The C standard makes no mention of a stack or stack frames it just describes the behaviour of various types of variable as Don has already stated.
However enough platforms implement stacks and stack frames that they are worth understanding. Generally speaking a stack frame contains everything required to let a function execute. That would normally be interpreted as space for the function parameters (or a pointer to them), space for all the local variables and all the data required to return from the function. The data required to return from the function is at a minimum the return address for the instruction pointer but often includes other processor registers, may be even all of them and the address of the previous stack frame.

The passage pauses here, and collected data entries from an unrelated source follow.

lemma continuous_map_univ_map: "continuous_map SGtop X univ_map"
  unfolding continuous_map_def Def.topspace_stone_topology
proof (intro conjI allI impI)
  show "univ_map \<in> SGM \<rightarrow> topspace X"
    using univ_map_in_topspace by blast
  fix W assume W: "openin X W"
  show "openin SGtop {p \<in> SGM. univ_map p \<in> W}"
  proof (subst openin_subopen, intro ballI)
    fix p assume "p \<in> {p \<in> SGM. univ_map p \<in> W}"
    then have p: "p \<in> SGM" and pW: "univ_map p \<in> W"
      by auto
    have "regular_space X"
      using compact_Hausdorff_imp_regular_space compact_space_X Hausdorff_space_X by blast
    then obtain U C where U: "openin X U" "univ_map p \<in> U" and C: "closedin X C" "U \<subseteq> C" "C \<subseteq> W"
      using W pW unfolding neighbourhood_base_of_closedin[symmetric] neighbourhood_base_of by metis
    obtain D where D: "D \<in> p" "orbit ` D \<subseteq> U"
      using type_limit_nhd[OF p type_limit_univ_map[OF p] U] by blast
    have "stone_basic G Def D \<subseteq> {p \<in> SGM. univ_map p \<in> W}"
    proof
      fix q assume "q \<in> stone_basic G Def D"
      then have q: "q \<in> SGM" "D \<in> q"
        by (auto simp: stone_basic_def)
      then have "univ_map q \<in> X closure_of (orbit ` D)"
        using type_limit_univ_map[OF q(1)] by (simp add: type_limit_def)
      also have "\<dots> \<subseteq> C"
        using closure_of_minimal[OF _ C(1)] D(2) C(2) by blast
      finally show "q \<in> {p \<in> SGM. univ_map p \<in> W}"
        using q(1) C(3) by blast
    qed
    moreover have "openin SGtop (stone_basic G Def D)"
      using Def.openin_stone_basic Def.stone_spaceD(1)[OF p] D(1) by blast
    ultimately show "\<exists>T. openin SGtop T \<and> p \<in> T \<and> T \<subseteq> {p \<in> SGM. univ_map p \<in> W}"
      using p D(1) by (intro exI[of _ "stone_basic G Def D"]) (auto simp: stone_basic_def)
  qed
qed
lemma pws_exit_bound:
  assumes exit: "\<not> Vplus k (pws_lam k) (pws_radius k dt Mt) (pws k d dt a \<alpha> z)"
  shows "max 1 (supnorm k (pws k d dt a \<alpha> z)) \<le> pws_exit k dt Mt * max 1 (supnorm k z) ^ (d - 1)"
proof -
  define L where "L = max 1 (supnorm k z)"
  define P where "P = L ^ (d - 1)"
  define lam where "lam = pws_lam k"
  define R where "R = pws_radius k dt Mt"
  have "1 \<le> L" by (simp add: L_def)
  have z: "\<And>j. j \<in> {1..k} \<Longrightarrow> norm (z j) \<le> L" unfolding L_def by (rule coord_le_max_supnorm)
  have other: "norm (pws k d dt a \<alpha> z j) \<le> 2 * P" if "j \<in> {1..k-1}" for j
    unfolding P_def using norm_pws_coord_le[OF z \<open>1 \<le> L\<close> that] .
  have lam: "1 \<le> lam" and R: "1 \<le> R" and P: "1 \<le> P"
    using pws_constants_ge[OF k3 Mt0] \<open>1 \<le> L\<close> by (simp_all add: lam_def R_def P_def)
  have "1 * 1 \<le> lam * P" using lam P by (intro mult_mono) auto
  then have R_le: "R \<le> 2 * lam * R * P"
    using mult_left_mono[of 1 "2 * lam * P" R] R by (simp add: algebra_simps)
  have "lam * (2 * P) * 1 \<le> lam * (2 * P) * R" using R lam P by (intro mult_left_mono) auto
  then have lam_le: "lam * (2 * P) \<le> 2 * lam * R * P" by (simp add: algebra_simps)
  have "1 * (2 * P) \<le> lam * (2 * P)" using lam P by (intro mult_right_mono) auto
  then have other_le: "2 * P \<le> 2 * lam * R * P" using lam_le by linarith
  have "norm (pws k d dt a \<alpha> z j) \<le> 2 * lam * R * P" if j: "j \<in> {1..k}" for j
  proof (cases "j = k")
    case False
    then have "j \<in> {1..k-1}" using j by auto
    from other[OF this] show ?thesis using other_le by linarith
  next
    case True
    from exit consider "norm (pws k d dt a \<alpha> z k) \<le> R"
      | i where "i \<in> {1..k-1}" "norm (pws k d dt a \<alpha> z k) < lam * norm (pws k d dt a \<alpha> z i)"
      unfolding Vplus_def lam_def R_def by (auto simp: not_le not_less)
    then have "norm (pws k d dt a \<alpha> z k) \<le> 2 * lam * R * P"
    proof cases
      case (2 i)
      then have "lam * norm (pws k d dt a \<alpha> z i) \<le> lam * (2 * P)"
        using other lam by (intro mult_left_mono) auto
      then show ?thesis using 2 lam_le by linarith
    qed (use R_le in linarith)
    then show ?thesis using True by simp
  qed
  then have "supnorm k (pws k d dt a \<alpha> z) \<le> 2 * lam * R * P"
    using k3 by (intro supnorm_le) auto
  moreover have "1 \<le> 2 * lam * R * P" using R R_le by linarith
  ultimately show ?thesis
    unfolding pws_exit_def L_def[symmetric] P_def[symmetric] lam_def[symmetric] R_def[symmetric]
    by simp
qed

In some micro-controllers, in my experience mainly low power self-contained ones, the return address stack is sometimes implemented as a separate hardware stack. This is finite in size and if used limits the number of function calls that can be made.
One of the differences between C and C++ is who has the responsibility for unwinding the stack, removing the stack frame. IIRC in C it is the called function, in C++ it is the calling function. This change was required in C++ to allow exceptions to work properly since an exception can cause a function to exit on any line of code.
So (in C) when a function is called the calling function does something like
- pushes the processor state (registers) onto the stack
- pushes the return address onto the stack
- pushes the size of the current stack frame or an end of stack frame pointer onto the stack leaving space for the local variables of the called function
- pushes the function parameters onto the stack
Note that this is very generalised, different platforms will push slightly different things and in a different order, this is just the sort of things that get pushed.
On return the called function restores the processor state from the calling function and jumps to the return address.
Many processors have a register dedicated to storing the current stack frame.
The return value of a function might be passed via the stack or again might be passed in a register.
Once you have a handle on how a stack frame is used to facilitate a function call then you are at least half way to understanding how interrupts and multi-threading is often implemented in an embedded environment.
When an interrupt occurs the process pushes an interrupt frame onto the stack. This is akin to a stack frame but contains no space for parameters, local data or return value because execution is not jumping to a function but rather a completely different context. The the processor jumps to the relevant interrupt handler, note in the case of an interrupt the processor may also change some processor registers or flags in indicate that it is running an interrupt routine. It may even have a separate interrupt stack that it uses while processing a interrupt routine. Once the interrupt finishes the processor pops its original state from the stack and continues executing the normal code where it left off.
Multi-threading operates similarly often. Every thread has its own stack, when a task-switch happens the processor stores a task switching frame (similar in contents to an interrupt frame) on the stack of the current thread. Switches stack to the new threads stack and pops its state from that stack to continue running the new task from where it was last running it.
Assuming that any given platform you use has a stack then
Details of the stack frame and interrupt frame can be found in the platform (processor) documentation.
Details of the task switching frame might possibly be in the platform specific documentation for the OS that you are using but more often than not is not documented (at least in publicly available documentation).